### Dataset excerpts
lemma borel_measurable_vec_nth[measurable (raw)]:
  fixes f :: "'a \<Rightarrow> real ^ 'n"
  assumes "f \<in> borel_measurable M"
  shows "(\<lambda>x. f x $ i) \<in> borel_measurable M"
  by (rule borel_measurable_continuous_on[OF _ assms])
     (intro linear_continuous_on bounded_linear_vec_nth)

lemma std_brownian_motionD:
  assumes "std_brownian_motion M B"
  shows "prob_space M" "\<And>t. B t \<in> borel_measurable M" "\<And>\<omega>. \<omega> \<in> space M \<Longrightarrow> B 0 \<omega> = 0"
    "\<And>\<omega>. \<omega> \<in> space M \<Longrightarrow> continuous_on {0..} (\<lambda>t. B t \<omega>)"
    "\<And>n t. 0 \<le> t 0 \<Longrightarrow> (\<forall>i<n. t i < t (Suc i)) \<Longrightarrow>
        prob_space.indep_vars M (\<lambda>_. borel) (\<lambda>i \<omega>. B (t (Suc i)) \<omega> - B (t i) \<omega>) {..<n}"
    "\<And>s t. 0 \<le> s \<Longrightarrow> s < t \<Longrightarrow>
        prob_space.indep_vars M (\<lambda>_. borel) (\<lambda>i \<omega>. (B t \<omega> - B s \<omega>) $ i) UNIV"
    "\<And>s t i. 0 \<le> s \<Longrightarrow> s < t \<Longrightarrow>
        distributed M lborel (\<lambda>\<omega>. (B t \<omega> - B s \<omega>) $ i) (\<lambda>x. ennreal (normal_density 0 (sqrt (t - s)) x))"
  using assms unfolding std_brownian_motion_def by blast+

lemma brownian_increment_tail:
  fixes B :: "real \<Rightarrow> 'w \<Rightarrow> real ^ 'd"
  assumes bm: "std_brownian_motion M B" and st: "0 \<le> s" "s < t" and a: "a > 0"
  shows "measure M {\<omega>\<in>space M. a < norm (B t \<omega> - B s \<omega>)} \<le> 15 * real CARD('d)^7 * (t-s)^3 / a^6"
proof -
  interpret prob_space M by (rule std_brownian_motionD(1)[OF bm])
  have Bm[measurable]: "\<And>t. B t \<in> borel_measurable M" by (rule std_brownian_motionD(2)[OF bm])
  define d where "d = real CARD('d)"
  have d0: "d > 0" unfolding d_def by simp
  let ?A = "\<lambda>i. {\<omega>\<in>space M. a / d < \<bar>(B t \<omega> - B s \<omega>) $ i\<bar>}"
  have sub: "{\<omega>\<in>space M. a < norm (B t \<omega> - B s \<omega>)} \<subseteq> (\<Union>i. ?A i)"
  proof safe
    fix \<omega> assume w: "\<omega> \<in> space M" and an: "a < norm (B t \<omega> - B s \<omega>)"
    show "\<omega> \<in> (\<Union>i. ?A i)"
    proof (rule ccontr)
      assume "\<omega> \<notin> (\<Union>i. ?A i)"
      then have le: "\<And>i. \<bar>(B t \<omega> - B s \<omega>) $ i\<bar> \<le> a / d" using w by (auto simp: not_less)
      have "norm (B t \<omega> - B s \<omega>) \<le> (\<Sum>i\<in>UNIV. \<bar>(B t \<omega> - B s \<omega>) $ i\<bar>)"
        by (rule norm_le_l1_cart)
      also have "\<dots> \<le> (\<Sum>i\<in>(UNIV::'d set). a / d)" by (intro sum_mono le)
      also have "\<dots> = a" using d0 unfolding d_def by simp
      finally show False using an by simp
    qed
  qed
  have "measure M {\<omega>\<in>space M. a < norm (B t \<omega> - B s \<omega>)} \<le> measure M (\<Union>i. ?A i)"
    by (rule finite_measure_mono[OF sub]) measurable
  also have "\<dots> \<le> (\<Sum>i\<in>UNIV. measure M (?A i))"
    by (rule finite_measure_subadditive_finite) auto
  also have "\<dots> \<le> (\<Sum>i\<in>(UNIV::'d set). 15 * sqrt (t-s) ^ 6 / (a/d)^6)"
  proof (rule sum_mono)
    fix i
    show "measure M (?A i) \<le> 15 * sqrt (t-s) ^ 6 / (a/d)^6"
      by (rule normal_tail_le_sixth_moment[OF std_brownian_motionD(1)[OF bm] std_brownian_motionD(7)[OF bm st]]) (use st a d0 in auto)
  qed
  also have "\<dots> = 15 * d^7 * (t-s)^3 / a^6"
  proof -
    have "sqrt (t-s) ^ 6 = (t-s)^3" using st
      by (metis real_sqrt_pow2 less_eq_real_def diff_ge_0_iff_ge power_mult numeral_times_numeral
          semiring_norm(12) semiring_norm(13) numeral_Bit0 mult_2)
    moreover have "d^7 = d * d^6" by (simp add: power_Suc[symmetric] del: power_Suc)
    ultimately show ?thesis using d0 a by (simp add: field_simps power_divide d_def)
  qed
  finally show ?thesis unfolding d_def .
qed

### Work item
Every line with "fixes" in it should be copied from the entries.

### Final answer
  fixes f :: "'a \<Rightarrow> real ^ 'n"
  fixes B :: "real \<Rightarrow> 'w \<Rightarrow> real ^ 'd"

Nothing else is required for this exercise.